> _What needs to be done_
Look through the data below for the string "assms", and copy every line where it turns up.

[Collected data entries]
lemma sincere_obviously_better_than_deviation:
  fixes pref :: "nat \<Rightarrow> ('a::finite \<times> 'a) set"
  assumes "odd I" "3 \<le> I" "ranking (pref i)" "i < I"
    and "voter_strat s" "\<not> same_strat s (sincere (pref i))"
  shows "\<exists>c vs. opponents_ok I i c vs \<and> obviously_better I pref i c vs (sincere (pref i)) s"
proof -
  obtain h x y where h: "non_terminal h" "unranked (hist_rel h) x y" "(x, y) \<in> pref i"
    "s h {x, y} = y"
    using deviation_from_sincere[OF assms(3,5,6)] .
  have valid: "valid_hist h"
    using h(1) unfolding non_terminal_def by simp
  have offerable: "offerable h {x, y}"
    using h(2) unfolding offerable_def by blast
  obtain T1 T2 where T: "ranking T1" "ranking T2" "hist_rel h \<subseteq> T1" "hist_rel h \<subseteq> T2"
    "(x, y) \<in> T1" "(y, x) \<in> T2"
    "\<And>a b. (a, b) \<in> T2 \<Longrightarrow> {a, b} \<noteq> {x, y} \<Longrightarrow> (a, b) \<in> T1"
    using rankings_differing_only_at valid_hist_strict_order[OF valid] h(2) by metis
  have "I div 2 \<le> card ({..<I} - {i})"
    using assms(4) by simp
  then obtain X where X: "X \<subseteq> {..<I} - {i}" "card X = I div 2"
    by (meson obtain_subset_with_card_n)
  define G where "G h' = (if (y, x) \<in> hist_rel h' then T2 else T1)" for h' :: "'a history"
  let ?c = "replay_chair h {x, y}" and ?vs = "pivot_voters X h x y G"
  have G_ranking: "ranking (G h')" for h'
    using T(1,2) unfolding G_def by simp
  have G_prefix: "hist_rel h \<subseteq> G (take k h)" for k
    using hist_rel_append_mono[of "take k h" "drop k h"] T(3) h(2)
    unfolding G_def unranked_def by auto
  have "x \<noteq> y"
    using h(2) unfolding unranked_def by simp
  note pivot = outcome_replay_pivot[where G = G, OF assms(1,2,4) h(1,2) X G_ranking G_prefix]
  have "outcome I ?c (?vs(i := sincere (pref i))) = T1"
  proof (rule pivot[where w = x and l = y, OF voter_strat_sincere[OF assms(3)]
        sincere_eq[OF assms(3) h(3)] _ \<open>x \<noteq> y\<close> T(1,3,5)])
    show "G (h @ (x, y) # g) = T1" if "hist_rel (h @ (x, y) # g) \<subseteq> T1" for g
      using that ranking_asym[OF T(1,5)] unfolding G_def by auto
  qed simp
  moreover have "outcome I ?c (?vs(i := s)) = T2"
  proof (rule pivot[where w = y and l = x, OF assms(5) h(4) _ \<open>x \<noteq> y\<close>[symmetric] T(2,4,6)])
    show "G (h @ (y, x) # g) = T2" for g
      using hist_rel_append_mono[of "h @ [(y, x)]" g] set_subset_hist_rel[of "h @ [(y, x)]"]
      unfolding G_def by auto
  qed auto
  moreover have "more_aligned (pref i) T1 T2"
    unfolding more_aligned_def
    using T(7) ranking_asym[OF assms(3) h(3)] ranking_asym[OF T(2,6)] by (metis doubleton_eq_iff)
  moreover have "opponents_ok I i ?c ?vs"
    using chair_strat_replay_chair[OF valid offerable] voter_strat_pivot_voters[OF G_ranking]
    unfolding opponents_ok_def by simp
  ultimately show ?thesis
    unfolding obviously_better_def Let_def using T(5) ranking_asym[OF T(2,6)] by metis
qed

> _Exercise answer_
    using deviation_from_sincere[OF assms(3,5,6)] .
    using assms(4) by simp
  note pivot = outcome_replay_pivot[where G = G, OF assms(1,2,4) h(1,2) X G_ranking G_prefix]
  proof (rule pivot[where w = x and l = y, OF voter_strat_sincere[OF assms(3)]
        sincere_eq[OF assms(3) h(3)] _ \<open>x \<noteq> y\<close> T(1,3,5)])
  proof (rule pivot[where w = y and l = x, OF assms(5) h(4) _ \<open>x \<noteq> y\<close>[symmetric] T(2,4,6)])
    using T(7) ranking_asym[OF assms(3) h(3)] ranking_asym[OF T(2,6)] by (metis doubleton_eq_iff)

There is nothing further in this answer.